Zeriel grinned, clearly enjoying himself. "Come now, Averan. It's a waste to let such powerful soul-bound relics sit idle."

"First, don't call me Averan like we're on first-name terms," I warned.

"But that is your name right now."

"Exactly. It's still mine and we're not close." I exhaled through my nose and gave him a sideways glance. "Second, why would I tether myself to a man who can stalk me anywhere in the world? One drop of blood, and you'd be popping up during my bath."

His eyes gleamed with mischief. "Tempting."

I raised a fist, but he only laughed harder.

We reached a bend in the trail, and I paused for a moment, letting the wind sweep past us. It smelled faintly of scorched stone and sulfur—good. We were getting close.

"I'll only say this once, Zeriel," I muttered. "If a dragon shows up, and it demands a sacrifice, I will volunteer you first."

He pressed a hand to his heart. "Touching. You really do care."

I pushed past him and kept walking, my cloak flaring in the wind.

He followed, still chuckling, and even though I pretended to ignore him, I couldn't help the faint tug at the corner of my lips.

Fated relics or not, the real danger here wasn't the ruin.

It was him.

The scent of time lay thick in the air—damp stone, old ash, and the faint trace of arcane residue that tingled along my skin like forgotten whispers.

We stood before the first gate of the ruin, a massive circular slab engraved with faded glyphs. Most adventurers would have taken hours—days, even—to puzzle through the security layers. But I knew this kind of defense.

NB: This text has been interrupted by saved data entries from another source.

(* Let $n\ge 1$ be an integer. The game value of \textsc{Snort} played on the star $K_{1,n}$ with no tinted vertices is $\pm n = \{\, n \mid -n \,\}$.
   Context: \textsc{Snort} is a two-player normal-play combinatorial game (the player unable to move loses) between Left (blue) and Right (red), played on a finite simple graph in which each vertex may be tinted blue, tinted red, or untinted. Left may move on any vertex not tinted red; Right may move on any vertex not tinted blue. A move on vertex $v$ deletes $v$ and tints all neighbours of $v$ in the mover's colour; any vertex that thereby becomes tinted in both colours is deleted. Game values are in the standard sense of combinatorial game theory: $\{A \mid B\}$ denotes the game with Left options $A$ and Right options $B$, integers $n$ are the usual integer games, and $\pm G$ denotes $\{G \mid -G\}$. $K_{1,n}$ is the star with one centre vertex adjacent to $n$ leaves. *)

theory Defs
  imports Main
begin

datatype game = Game "game list" "game list"

function game_le :: "game \<Rightarrow> game \<Rightarrow> bool" where
  "game_le (Game GL GR) (Game HL HR) \<longleftrightarrow>
     (\<forall>gl \<in> set GL. \<not> game_le (Game HL HR) gl) \<and>
     (\<forall>hr \<in> set HR. \<not> game_le hr (Game GL GR))"
  by pat_completeness auto
termination
  by (relation "measure (\<lambda>(G, H). size G + size H)")
     (auto dest!: size_list_estimation'[where f=size, OF _ order_refl])

definition game_eq :: "game \<Rightarrow> game \<Rightarrow> bool" where
  "game_eq G H \<longleftrightarrow> game_le G H \<and> game_le H G"

fun game_neg :: "game \<Rightarrow> game" where
  "game_neg (Game L R) = Game (map game_neg R) (map game_neg L)"

fun nat_game :: "nat \<Rightarrow> game" where
  "nat_game 0 = Game [] []"
| "nat_game (Suc n) = Game [nat_game n] []"

definition int_game :: "int \<Rightarrow> game" where
  "int_game k = (if 0 \<le> k then nat_game (nat k) else game_neg (nat_game (nat (- k))))"

definition game_pm :: "game \<Rightarrow> game" where
  "game_pm G = Game [G] [game_neg G]"

datatype tint = Untinted | Blue | Red

text \<open>A Snort position: remaining vertex set V, the (symmetric, irreflexive)
  edge relation E of the original graph (restricted implicitly to V), and a tint
  for each vertex.  A Left move on v (v \<in> V, not tinted red) deletes v, tints its
  neighbours blue and deletes those neighbours that were red (they become tinted
  in both colours).\<close>

definition left_legal :: "nat set \<Rightarrow> (nat \<Rightarrow> tint) \<Rightarrow> nat \<Rightarrow> bool" where
  "left_legal V t v \<longleftrightarrow> v \<in> V \<and> t v \<noteq> Red"

definition right_legal :: "nat set \<Rightarrow> (nat \<Rightarrow> tint) \<Rightarrow> nat \<Rightarrow> bool" where
  "right_legal V t v \<longleftrightarrow> v \<in> V \<and> t v \<noteq> Blue"

definition left_V :: "nat set \<Rightarrow> (nat \<times> nat) set \<Rightarrow> (nat \<Rightarrow> tint) \<Rightarrow> nat \<Rightarrow> nat set" where
  "left_V V E t v = V - {v} - {u \<in> V. (v, u) \<in> E \<and> t u = Red}"

definition left_t :: "(nat \<times> nat) set \<Rightarrow> (nat \<Rightarrow> tint) \<Rightarrow> nat \<Rightarrow> nat \<Rightarrow> tint" where
  "left_t E t v = (\<lambda>u. if (v, u) \<in> E then Blue else t u)"

definition right_V :: "nat set \<Rightarrow> (nat \<times> nat) set \<Rightarrow> (nat \<Rightarrow> tint) \<Rightarrow> nat \<Rightarrow> nat set" where
  "right_V V E t v = V - {v} - {u \<in> V. (v, u) \<in> E \<and> t u = Blue}"

definition right_t :: "(nat \<times> nat) set \<Rightarrow> (nat \<Rightarrow> tint) \<Rightarrow> nat \<Rightarrow> nat \<Rightarrow> tint" where
  "right_t E t v = (\<lambda>u. if (v, u) \<in> E then Red else t u)"

text \<open>Game tree with a fuel parameter; every move deletes at least one vertex,
  so fuel card V suffices for a finite vertex set.\<close>
primrec snort_aux :: "nat \<Rightarrow> nat set \<Rightarrow> (nat \<times> nat) set \<Rightarrow> (nat \<Rightarrow> tint) \<Rightarrow> game" where
  "snort_aux 0 V E t = Game [] []"
| "snort_aux (Suc k) V E t =
     Game (map (\<lambda>v. snort_aux k (left_V V E t v) E (left_t E t v))
               (filter (left_legal V t) (sorted_list_of_set V)))
          (map (\<lambda>v. snort_aux k (right_V V E t v) E (right_t E t v))
               (filter (right_legal V t) (sorted_list_of_set V)))"

definition snort :: "nat set \<Rightarrow> (nat \<times> nat) set \<Rightarrow> (nat \<Rightarrow> tint) \<Rightarrow> game" where
  "snort V E t = snort_aux (card V) V E t"

definition star_vertices :: "nat \<Rightarrow> nat set" where
  "star_vertices n = {0..n}"

definition star_edges :: "nat \<Rightarrow> (nat \<times> nat) set" where
  "star_edges n = {(0, i) | i. i \<in> {1..n}} \<union> {(i, 0) | i. i \<in> {1..n}}"

end

theory Submission
  imports Defs
begin

(* Let G be the star position.  Left's move on the centre deletes it and tints all
   n leaves blue; in the resulting position Left has n moves in hand and Right has
   none, so it is worth at least n.  Every option of G is a Snort position with n
   vertices, so its game tree has height at most n and its value lies between -n
   and n.  This gives {n | -n} <= G, and the colour-swapping symmetry of Snort (the
   star is untinted, so G = -G) turns this into G <= {n | -n}. *)

lemma game_neg_neg [simp]: "game_neg (game_neg G) = G"
  by (induction G) (simp_all add: map_idI)

lemma game_le_neg_iff [simp]: "game_le (game_neg G) (game_neg H) \<longleftrightarrow> game_le H G"
  by (induction H G rule: game_le.induct) auto

lemma game_neg_pm [simp]: "game_neg (game_pm G) = game_pm G"
  by (simp add: game_pm_def)

fun game_height_le :: "nat \<Rightarrow> game \<Rightarrow> bool" where
  "game_height_le 0 (Game L R) \<longleftrightarrow> L = [] \<and> R = []"
| "game_height_le (Suc k) (Game L R) \<longleftrightarrow> (\<forall>G \<in> set L \<union> set R. game_height_le k G)"

lemma game_height_le_neg [simp]: "game_height_le k (game_neg G) \<longleftrightarrow> game_height_le k G"
  by (induction k G rule: game_height_le.induct) auto

lemma game_le_nat_game_if_height_le: "game_height_le k G \<Longrightarrow> game_le G (nat_game k)"
proof (induction k G rule: game_height_le.induct)
  case (1 L R)
  then show ?case by simp
next
  case (2 k L R)
  have "\<not> game_le (nat_game (Suc k)) G" if "G \<in> set L" for G
    using 2 that by (cases G) auto
  then show ?case by simp
qed

lemma neg_nat_game_le_if_height_le: "game_height_le k G \<Longrightarrow> game_le (game_neg (nat_game k)) G"
  using game_le_nat_game_if_height_le[of k "game_neg G"] game_le_neg_iff[of "nat_game k" "game_neg G"]
  by simp

lemma nat_game_Suc_le_Game:
  assumes "G \<in> set L" "game_le (nat_game n) G"
  shows "game_le (nat_game (Suc n)) (Game L [])"
  using assms by (cases "nat_game n") auto

lemma game_pm_le_Game:
  assumes "G' \<in> set L" "game_le G G'" "\<forall>G'' \<in> set R. game_le (game_neg G) G''"
  shows "game_le (game_pm G) (Game L R)"
proof -
  have "\<not> game_le (Game L R) G"
    using assms(1,2) by (cases G) auto
  moreover have "\<not> game_le G'' (game_pm G)" if "G'' \<in> set R" for G''
    using assms(3) that by (cases G'') (auto simp: game_pm_def)
  ultimately show ?thesis
    by (simp add: game_pm_def)
qed

fun tint_swap :: "tint \<Rightarrow> tint" where
  "tint_swap Untinted = Untinted"
| "tint_swap Blue = Red"
| "tint_swap Red = Blue"

lemma snort_moves_tint_swap:
  "left_legal V (tint_swap \<circ> t) = right_legal V t"
  "right_legal V (tint_swap \<circ> t) = left_legal V t"
  "left_V V E (tint_swap \<circ> t) v = right_V V E t v"
  "right_V V E (tint_swap \<circ> t) v = left_V V E t v"
  "left_t E (tint_swap \<circ> t) v = tint_swap \<circ> right_t E t v"
  "right_t E (tint_swap \<circ> t) v = tint_swap \<circ> left_t E t v"
  by (auto simp: fun_eq_iff left_legal_def right_legal_def left_V_def right_V_def
      left_t_def right_t_def elim: tint_swap.elims)

lemma snort_aux_tint_swap:
  "snort_aux k V E (tint_swap \<circ> t) = game_neg (snort_aux k V E t)"
  by (induction k arbitrary: V t) (simp_all add: snort_moves_tint_swap)

lemma snort_tint_swap: "snort V E (tint_swap \<circ> t) = game_neg (snort V E t)"
  by (simp add: snort_def snort_aux_tint_swap)

lemma game_height_le_snort_aux: "game_height_le k (snort_aux k V E t)"
  by (induction k arbitrary: V t) auto

lemma snort_aux_Suc_left_option:
  assumes "snort_aux (Suc k) V E t = Game L R" "finite V" "v \<in> V" "t v \<noteq> Red"
  shows "snort_aux k (left_V V E t v) E (left_t E t v) \<in> set L"
  using assms by (auto simp: left_legal_def)

lemma nat_game_card_le_snort_if_all_blue:
  assumes "finite V" "\<forall>u \<in> V. t u = Blue"
  shows "game_le (nat_game (card V)) (snort V E t)"
proof -
  have "game_le (nat_game k) (snort_aux k V E t)"
    if "finite V" "card V = k" "\<forall>u \<in> V. t u = Blue" for k V t
    using that
  proof (induction k arbitrary: V t)
    case 0
    then show ?case by simp
  next
    case (Suc k)
    then obtain v where v: "v \<in> V"
      by fastforce
    have "filter (right_legal V t) (sorted_list_of_set V) = []"
      using Suc.prems by (auto simp: filter_empty_conv right_legal_def)
    then obtain L where G: "snort_aux (Suc k) V E t = Game L []"
      by simp
    have "left_V V E t v = V - {v}"
      using Suc.prems by (auto simp: left_V_def)
    then have "snort_aux k (V - {v}) E (left_t E t v) \<in> set L"
      using snort_aux_Suc_left_option[OF G Suc.prems(1) v] v Suc.prems(3) by simp
    moreover have "game_le (nat_game k) (snort_aux k (V - {v}) E (left_t E t v))"
      using Suc.IH[of "V - {v}" "left_t E t v"] Suc.prems v by (auto simp: left_t_def)
    ultimately show ?case
      unfolding G by (rule nat_game_Suc_le_Game)
  qed
  then show ?thesis
    using assms by (simp add: snort_def)
qed

theorem lemma3:
  fixes n :: nat
  assumes "n \<ge> 1"
  shows "game_eq (snort (star_vertices n) (star_edges n) (\<lambda>_. Untinted))
                 (game_pm (int_game (int n)))"
proof -
  let ?V = "star_vertices n" and ?E = "star_edges n" and ?t = "\<lambda>_::nat. Untinted"
  obtain L R where G: "snort_aux (Suc n) ?V ?E ?t = Game L R"
    using game.exhaust by blast
  have snort: "snort ?V ?E ?t = Game L R"
    using G by (simp add: snort_def star_vertices_def)
  have "left_V ?V ?E ?t 0 = {1..n}" "\<forall>u \<in> {1..n}. left_t ?E ?t 0 u = Blue"
    by (auto simp: left_V_def left_t_def star_vertices_def star_edges_def)
  then have "snort_aux n {1..n} ?E (left_t ?E ?t 0) \<in> set L"
    and "game_le (nat_game n) (snort_aux n {1..n} ?E (left_t ?E ?t 0))"
    using snort_aux_Suc_left_option[OF G, of 0] nat_game_card_le_snort_if_all_blue[of "{1..n}"]
    by (auto simp: star_vertices_def snort_def)
  moreover have "\<forall>G \<in> set R. game_le (game_neg (nat_game n)) G"
    using game_height_le_snort_aux[of "Suc n" ?V ?E ?t]
    unfolding G by (simp add: neg_nat_game_le_if_height_le)
  ultimately have "game_le (game_pm (nat_game n)) (Game L R)"
    by (rule game_pm_le_Game)
  moreover have "game_neg (Game L R) = Game L R"
    using snort_tint_swap[of ?V ?E ?t] by (simp only: snort comp_def tint_swap.simps)
  ultimately show ?thesis
    using game_le_neg_iff[of "Game L R" "game_pm (nat_game n)"]
    by (simp add: game_eq_def snort int_game_def)
qed

end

It was old magic. Familiar magic.

Like the sealed catacombs beneath the Terah royal palace.

While Zeriel examined the etchings with a thoughtful squint, I stepped forward and ran a gloved hand over the central sigil. The glyph pulsed faintly beneath my touch.

"Interesting," Zeriel said from behind me. "This rune ward isn't typical Aduran design. Not even the Empire's scholars can decipher it."

"Don't speak," I said, sharp and quiet.

He blinked, but obeyed—for once.

I drew a breath, then murmured in the old tongue. The dialect scraped my throat with its dryness, like a memory summoned from bone dust. "Yel'riun thessa… omar carvhal."

The glyph flared golden. The stone slab shifted with a rumble like a dragon's yawn.

"...Impressive," Zeriel muttered, stepping beside me. "That was...?"

"A phrase meant for royalty," I replied without looking at him. "And last I checked, your empire never had dealings with the Line of Terah."

He hummed. "So you do know this architecture."

I didn't dignify him with an answer.

The corridor beyond curved inward, carved with intertwining motifs of dragonfire and sea storms. We moved as one—my eyes alert, my movements brisk. Zeriel still filled the silence with low commentary, but his footsteps matched mine without missing a beat.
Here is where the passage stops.